What to produce
For the word "complexes", tally the lines of the data that contain it and give the tally alone.

Records provided
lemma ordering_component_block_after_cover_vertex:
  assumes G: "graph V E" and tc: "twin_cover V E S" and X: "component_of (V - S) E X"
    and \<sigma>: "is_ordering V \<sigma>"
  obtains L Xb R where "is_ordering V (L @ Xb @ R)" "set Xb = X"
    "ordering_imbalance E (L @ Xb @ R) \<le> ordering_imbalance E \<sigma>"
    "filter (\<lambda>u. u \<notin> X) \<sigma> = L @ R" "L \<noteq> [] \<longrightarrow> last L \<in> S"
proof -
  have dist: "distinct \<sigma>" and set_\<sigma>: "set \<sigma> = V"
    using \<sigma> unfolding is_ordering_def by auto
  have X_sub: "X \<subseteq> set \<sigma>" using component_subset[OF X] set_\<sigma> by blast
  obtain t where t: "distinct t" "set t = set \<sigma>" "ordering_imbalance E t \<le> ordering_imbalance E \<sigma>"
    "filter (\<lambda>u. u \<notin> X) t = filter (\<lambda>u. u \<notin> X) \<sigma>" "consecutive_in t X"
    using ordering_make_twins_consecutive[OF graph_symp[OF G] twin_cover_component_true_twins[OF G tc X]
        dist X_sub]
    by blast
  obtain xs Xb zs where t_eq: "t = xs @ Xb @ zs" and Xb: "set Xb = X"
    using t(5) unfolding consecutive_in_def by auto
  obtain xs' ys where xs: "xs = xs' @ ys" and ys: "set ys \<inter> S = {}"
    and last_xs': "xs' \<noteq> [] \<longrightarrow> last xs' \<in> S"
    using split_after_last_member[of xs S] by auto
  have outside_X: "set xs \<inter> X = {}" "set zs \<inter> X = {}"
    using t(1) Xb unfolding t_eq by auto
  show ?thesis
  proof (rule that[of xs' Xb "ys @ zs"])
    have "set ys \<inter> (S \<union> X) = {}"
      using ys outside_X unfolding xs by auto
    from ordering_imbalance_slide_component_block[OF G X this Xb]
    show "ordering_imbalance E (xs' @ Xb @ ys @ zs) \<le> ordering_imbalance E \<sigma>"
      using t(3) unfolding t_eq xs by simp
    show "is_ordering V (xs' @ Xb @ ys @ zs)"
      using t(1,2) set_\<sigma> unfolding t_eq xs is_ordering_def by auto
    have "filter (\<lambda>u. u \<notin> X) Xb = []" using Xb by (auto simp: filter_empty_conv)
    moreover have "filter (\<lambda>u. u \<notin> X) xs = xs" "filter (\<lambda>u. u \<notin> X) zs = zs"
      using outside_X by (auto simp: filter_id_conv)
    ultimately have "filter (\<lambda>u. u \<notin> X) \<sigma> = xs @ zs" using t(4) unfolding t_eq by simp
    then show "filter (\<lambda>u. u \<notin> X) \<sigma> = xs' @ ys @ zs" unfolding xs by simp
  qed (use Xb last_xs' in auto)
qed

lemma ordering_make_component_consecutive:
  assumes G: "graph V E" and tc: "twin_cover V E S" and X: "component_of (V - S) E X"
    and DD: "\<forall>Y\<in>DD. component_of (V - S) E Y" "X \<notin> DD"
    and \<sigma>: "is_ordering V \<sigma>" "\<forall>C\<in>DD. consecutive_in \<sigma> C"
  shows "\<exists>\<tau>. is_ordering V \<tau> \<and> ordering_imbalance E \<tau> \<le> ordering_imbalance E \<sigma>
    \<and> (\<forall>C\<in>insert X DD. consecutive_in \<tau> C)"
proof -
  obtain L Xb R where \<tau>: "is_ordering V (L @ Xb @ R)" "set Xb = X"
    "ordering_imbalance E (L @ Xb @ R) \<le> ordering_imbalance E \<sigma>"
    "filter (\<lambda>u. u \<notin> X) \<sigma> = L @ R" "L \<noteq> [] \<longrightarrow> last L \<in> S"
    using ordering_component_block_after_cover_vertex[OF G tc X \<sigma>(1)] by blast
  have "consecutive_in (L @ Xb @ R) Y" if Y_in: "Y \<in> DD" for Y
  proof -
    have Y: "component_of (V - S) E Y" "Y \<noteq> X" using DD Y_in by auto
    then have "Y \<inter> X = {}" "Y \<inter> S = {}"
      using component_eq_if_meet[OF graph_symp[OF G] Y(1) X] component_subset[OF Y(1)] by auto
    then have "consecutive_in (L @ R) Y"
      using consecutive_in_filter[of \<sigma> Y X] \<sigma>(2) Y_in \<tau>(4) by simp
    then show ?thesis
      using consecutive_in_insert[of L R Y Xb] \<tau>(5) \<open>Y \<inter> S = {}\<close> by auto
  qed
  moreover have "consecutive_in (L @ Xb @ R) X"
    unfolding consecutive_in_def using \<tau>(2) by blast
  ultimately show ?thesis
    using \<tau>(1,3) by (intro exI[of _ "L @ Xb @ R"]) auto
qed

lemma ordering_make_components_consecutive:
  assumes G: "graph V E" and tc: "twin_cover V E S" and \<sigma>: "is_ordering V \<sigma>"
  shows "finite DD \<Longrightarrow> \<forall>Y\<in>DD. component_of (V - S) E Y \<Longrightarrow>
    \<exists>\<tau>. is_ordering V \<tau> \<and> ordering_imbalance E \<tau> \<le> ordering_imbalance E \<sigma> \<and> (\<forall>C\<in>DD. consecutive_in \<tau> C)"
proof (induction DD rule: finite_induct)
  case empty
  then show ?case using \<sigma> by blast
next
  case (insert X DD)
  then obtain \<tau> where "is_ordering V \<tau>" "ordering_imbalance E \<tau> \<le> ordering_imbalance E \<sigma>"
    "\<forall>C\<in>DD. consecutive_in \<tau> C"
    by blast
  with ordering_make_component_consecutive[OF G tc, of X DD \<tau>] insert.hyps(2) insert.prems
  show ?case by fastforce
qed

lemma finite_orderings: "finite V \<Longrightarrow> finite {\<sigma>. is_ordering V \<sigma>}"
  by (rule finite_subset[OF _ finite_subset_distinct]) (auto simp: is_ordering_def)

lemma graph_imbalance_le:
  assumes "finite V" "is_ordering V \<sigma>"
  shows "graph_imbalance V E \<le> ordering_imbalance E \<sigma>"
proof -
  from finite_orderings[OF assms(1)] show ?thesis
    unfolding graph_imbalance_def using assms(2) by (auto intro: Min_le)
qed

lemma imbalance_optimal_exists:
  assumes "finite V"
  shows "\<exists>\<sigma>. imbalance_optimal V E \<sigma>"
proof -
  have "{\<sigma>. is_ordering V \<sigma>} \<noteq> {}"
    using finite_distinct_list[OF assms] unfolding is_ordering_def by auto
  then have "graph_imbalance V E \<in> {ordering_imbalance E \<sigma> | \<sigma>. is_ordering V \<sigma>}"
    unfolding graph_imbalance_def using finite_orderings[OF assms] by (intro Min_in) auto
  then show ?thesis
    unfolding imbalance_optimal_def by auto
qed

* * *

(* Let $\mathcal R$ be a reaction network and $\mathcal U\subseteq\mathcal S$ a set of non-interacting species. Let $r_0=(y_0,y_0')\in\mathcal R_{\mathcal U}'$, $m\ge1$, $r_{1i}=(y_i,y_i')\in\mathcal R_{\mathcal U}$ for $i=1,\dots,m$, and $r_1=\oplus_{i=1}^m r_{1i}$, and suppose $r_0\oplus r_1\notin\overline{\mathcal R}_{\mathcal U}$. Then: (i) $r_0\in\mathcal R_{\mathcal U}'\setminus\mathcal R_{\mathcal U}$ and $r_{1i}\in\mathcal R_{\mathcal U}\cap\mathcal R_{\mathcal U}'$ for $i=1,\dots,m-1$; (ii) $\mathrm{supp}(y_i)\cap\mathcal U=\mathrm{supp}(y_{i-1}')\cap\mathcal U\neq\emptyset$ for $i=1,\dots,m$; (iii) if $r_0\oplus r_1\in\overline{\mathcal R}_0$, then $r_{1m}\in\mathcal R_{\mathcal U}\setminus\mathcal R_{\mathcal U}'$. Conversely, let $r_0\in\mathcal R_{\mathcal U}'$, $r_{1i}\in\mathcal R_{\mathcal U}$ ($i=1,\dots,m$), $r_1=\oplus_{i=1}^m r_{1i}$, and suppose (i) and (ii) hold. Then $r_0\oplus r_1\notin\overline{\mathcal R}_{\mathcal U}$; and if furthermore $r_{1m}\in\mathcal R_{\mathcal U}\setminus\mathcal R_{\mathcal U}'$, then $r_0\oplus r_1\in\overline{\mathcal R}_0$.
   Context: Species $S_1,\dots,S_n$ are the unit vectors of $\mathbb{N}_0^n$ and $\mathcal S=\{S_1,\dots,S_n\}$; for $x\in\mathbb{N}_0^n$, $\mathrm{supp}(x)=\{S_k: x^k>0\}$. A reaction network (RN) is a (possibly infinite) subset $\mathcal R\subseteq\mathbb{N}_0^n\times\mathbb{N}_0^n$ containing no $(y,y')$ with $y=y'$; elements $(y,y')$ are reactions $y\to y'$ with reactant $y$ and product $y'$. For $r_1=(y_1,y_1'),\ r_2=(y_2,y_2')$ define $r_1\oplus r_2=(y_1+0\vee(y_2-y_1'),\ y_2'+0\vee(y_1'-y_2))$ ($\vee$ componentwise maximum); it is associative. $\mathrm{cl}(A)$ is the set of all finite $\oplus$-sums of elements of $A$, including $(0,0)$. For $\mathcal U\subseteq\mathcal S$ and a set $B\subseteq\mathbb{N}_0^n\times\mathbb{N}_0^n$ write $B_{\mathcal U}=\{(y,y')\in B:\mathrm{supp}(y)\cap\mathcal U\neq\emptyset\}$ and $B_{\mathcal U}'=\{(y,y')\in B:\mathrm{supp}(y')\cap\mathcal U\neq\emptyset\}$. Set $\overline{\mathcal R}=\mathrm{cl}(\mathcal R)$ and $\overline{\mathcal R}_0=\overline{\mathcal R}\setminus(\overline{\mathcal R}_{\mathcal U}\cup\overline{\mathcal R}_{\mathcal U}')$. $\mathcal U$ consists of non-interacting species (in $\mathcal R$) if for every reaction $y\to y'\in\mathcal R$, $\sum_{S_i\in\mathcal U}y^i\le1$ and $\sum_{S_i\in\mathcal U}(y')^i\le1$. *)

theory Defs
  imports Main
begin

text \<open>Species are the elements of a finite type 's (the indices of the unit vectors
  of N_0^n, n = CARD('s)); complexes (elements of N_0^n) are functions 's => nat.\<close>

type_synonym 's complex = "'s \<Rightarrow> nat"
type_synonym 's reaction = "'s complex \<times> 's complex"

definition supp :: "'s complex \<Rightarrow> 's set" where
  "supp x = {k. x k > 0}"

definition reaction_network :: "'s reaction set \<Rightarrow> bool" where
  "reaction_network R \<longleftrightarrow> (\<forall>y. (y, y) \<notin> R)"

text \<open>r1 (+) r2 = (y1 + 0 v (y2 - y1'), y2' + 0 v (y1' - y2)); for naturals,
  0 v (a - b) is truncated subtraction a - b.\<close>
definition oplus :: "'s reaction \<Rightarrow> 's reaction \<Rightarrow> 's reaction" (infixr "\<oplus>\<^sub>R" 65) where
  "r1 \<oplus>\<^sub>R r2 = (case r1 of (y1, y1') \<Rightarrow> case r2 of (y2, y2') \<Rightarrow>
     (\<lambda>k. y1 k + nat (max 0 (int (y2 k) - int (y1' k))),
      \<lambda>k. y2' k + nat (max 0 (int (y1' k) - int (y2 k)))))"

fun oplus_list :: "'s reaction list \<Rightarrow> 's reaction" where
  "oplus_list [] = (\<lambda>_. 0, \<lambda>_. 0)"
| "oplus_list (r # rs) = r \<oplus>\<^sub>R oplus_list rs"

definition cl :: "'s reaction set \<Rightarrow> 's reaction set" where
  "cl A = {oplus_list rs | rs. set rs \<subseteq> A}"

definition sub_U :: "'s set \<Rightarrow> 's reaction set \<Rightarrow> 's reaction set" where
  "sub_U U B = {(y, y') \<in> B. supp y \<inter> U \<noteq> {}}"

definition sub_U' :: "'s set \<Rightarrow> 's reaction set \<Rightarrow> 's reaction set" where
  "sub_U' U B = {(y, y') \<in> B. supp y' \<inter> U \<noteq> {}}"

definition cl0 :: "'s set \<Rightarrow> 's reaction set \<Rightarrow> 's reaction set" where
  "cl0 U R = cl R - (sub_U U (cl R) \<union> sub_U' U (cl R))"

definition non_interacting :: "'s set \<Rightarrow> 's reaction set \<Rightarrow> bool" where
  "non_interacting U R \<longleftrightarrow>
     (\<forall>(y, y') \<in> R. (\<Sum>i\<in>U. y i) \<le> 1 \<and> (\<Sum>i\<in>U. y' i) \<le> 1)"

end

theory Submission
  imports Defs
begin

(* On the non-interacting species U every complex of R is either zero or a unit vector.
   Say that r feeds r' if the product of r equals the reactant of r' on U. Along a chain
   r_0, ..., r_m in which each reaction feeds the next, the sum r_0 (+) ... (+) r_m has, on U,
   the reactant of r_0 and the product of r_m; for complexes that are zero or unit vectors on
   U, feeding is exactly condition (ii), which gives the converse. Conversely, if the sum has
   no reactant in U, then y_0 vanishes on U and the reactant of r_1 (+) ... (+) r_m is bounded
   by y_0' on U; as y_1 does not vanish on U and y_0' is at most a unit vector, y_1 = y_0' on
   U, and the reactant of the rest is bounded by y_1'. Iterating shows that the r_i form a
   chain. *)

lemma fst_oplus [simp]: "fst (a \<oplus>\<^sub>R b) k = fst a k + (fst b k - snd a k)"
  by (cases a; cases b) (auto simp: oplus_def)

--

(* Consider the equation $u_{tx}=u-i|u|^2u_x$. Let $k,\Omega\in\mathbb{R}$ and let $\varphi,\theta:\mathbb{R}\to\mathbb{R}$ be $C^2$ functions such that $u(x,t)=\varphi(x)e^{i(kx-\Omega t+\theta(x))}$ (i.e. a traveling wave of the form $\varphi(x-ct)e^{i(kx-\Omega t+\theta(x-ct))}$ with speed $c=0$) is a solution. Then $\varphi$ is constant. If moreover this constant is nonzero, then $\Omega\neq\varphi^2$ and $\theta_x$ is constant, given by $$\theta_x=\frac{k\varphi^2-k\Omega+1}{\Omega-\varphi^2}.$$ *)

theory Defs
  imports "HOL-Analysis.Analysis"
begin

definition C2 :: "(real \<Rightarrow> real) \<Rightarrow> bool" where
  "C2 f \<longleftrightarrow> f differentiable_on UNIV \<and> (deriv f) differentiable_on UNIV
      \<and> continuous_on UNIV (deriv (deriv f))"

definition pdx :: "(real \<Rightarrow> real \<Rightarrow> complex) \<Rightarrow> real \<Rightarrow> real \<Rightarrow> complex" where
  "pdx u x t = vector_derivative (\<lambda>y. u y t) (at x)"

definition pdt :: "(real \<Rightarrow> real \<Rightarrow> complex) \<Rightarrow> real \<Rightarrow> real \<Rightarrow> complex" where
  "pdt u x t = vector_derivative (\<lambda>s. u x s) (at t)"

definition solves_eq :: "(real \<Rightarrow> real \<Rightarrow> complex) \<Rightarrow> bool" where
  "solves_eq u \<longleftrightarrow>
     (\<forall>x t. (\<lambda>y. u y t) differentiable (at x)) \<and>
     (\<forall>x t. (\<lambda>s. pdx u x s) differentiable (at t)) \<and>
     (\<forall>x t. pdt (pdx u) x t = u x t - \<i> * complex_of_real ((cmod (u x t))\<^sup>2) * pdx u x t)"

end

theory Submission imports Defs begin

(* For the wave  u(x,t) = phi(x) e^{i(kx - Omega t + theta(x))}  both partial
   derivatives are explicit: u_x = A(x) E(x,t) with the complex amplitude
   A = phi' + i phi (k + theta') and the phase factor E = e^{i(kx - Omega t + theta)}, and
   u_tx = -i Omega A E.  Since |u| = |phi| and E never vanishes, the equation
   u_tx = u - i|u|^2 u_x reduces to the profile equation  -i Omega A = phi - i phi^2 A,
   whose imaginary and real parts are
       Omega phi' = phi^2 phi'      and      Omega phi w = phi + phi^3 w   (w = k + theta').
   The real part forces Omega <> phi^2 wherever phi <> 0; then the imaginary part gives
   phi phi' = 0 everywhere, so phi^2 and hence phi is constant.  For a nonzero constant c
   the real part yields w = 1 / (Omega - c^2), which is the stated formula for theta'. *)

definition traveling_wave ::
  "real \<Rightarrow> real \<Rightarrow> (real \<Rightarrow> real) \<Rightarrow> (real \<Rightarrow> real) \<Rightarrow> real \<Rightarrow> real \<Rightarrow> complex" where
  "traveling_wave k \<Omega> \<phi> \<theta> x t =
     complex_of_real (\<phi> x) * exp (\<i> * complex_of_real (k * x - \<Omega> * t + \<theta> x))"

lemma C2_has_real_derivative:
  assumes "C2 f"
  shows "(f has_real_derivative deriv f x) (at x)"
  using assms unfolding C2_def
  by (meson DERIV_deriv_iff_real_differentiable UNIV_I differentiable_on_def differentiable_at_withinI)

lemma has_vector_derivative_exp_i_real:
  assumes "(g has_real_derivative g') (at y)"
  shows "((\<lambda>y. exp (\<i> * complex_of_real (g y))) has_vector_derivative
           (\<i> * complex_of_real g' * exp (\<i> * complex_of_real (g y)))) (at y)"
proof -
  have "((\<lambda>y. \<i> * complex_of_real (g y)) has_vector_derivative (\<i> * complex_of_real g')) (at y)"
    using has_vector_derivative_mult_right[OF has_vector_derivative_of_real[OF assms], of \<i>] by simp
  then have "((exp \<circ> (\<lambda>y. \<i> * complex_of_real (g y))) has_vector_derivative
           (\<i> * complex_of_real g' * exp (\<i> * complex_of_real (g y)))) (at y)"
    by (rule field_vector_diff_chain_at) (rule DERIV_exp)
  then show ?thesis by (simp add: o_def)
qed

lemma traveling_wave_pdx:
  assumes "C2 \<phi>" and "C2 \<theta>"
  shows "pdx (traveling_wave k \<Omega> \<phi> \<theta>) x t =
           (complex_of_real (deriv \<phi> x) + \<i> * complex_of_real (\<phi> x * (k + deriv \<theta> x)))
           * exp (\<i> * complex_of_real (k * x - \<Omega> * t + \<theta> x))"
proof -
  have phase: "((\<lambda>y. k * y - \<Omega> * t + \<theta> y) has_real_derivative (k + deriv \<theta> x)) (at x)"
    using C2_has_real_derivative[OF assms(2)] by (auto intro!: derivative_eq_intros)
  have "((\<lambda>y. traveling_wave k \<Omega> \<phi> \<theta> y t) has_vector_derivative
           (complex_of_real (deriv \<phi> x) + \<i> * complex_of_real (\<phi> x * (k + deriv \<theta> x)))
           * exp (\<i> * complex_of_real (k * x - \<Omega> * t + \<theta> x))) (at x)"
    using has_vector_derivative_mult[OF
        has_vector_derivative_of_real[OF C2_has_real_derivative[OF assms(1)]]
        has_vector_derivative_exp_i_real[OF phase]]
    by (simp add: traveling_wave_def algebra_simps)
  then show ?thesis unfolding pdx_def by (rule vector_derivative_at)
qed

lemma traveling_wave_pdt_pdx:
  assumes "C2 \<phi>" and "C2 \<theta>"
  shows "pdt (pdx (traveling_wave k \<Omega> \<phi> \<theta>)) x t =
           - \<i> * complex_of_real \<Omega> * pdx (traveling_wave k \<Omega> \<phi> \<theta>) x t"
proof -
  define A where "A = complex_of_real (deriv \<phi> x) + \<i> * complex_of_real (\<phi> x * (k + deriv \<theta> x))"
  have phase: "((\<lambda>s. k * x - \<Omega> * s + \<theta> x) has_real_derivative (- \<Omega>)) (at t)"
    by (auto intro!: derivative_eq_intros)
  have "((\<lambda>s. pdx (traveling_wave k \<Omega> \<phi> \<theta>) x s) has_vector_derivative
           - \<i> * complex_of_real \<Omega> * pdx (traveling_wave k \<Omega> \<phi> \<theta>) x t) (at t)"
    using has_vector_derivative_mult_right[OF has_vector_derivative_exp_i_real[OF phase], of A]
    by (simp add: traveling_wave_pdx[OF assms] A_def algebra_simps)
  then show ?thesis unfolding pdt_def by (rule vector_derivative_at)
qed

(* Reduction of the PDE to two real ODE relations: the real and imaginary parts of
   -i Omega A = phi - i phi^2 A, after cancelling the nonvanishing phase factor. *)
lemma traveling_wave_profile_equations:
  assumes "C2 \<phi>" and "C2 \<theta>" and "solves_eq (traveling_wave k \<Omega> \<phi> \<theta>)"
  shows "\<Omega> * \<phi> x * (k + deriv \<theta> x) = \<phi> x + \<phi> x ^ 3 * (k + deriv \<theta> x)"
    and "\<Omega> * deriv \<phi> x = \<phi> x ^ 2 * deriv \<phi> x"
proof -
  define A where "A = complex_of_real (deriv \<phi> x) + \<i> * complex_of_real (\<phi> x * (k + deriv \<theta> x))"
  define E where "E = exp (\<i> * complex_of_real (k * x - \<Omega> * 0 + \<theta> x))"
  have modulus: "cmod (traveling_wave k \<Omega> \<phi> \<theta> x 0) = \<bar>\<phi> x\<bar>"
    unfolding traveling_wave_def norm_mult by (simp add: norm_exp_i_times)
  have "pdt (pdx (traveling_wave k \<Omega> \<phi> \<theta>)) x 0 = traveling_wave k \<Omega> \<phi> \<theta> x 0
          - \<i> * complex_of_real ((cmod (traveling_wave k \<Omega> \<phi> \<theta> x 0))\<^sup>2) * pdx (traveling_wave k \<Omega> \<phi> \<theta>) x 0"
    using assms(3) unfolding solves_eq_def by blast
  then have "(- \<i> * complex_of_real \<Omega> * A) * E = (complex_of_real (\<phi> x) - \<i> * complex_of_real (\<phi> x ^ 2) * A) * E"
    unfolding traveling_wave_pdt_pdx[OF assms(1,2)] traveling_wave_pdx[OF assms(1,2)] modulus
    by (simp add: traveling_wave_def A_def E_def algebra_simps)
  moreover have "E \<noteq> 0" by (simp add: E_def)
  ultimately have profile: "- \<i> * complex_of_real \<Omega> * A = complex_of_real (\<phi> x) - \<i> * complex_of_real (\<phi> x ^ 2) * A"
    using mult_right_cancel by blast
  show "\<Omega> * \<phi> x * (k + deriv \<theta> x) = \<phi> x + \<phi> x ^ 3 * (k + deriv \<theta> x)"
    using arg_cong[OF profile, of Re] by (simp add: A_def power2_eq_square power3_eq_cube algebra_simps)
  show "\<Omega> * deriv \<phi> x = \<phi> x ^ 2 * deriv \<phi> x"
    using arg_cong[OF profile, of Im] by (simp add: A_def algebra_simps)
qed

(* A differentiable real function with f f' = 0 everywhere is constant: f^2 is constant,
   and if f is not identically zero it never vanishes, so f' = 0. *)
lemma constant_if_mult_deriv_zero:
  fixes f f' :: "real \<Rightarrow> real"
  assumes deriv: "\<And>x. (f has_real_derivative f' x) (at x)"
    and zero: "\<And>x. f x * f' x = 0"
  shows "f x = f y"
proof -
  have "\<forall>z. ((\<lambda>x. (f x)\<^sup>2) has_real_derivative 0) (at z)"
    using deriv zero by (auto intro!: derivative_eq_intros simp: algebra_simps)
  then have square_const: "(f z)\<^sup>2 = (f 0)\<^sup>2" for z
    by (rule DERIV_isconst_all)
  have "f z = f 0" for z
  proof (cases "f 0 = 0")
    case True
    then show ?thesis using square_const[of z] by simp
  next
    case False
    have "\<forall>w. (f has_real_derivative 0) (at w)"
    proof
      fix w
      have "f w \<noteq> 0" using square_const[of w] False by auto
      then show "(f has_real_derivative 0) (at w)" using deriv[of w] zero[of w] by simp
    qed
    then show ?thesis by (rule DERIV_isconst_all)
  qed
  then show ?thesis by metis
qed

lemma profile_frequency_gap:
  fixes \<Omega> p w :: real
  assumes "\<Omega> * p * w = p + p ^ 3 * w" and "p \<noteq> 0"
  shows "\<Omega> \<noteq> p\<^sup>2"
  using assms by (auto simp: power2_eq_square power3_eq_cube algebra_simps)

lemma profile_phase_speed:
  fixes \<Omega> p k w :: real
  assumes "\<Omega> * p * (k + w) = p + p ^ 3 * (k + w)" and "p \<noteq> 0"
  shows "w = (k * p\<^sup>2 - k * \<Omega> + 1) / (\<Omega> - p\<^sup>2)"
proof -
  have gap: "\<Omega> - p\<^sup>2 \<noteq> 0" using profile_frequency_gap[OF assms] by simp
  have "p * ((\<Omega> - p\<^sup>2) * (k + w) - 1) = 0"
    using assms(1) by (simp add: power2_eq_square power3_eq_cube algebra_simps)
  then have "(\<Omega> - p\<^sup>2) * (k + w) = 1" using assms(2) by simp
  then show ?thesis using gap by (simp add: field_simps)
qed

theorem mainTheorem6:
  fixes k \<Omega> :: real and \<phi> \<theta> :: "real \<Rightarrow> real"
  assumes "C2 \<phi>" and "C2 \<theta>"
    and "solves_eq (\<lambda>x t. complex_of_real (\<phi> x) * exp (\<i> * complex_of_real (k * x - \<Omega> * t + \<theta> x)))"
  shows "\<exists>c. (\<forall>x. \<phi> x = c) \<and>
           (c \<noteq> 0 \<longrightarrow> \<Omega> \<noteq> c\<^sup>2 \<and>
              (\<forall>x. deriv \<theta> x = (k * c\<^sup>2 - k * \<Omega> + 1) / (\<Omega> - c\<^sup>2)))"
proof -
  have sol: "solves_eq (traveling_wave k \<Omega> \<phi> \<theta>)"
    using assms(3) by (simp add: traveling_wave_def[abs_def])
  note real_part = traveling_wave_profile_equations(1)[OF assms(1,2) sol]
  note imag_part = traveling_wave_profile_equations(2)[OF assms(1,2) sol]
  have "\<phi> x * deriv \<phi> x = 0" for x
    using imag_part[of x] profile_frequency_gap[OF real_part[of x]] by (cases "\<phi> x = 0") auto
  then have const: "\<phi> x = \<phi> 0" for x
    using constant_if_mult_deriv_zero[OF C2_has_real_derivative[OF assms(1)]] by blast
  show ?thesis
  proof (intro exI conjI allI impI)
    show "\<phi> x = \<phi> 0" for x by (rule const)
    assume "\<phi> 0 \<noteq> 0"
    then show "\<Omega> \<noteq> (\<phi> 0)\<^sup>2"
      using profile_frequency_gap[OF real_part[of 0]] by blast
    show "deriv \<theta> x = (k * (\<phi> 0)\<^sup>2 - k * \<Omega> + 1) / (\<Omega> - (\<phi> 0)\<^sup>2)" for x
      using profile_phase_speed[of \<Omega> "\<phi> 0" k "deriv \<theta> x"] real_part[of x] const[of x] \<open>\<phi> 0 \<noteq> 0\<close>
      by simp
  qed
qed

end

Written answer
2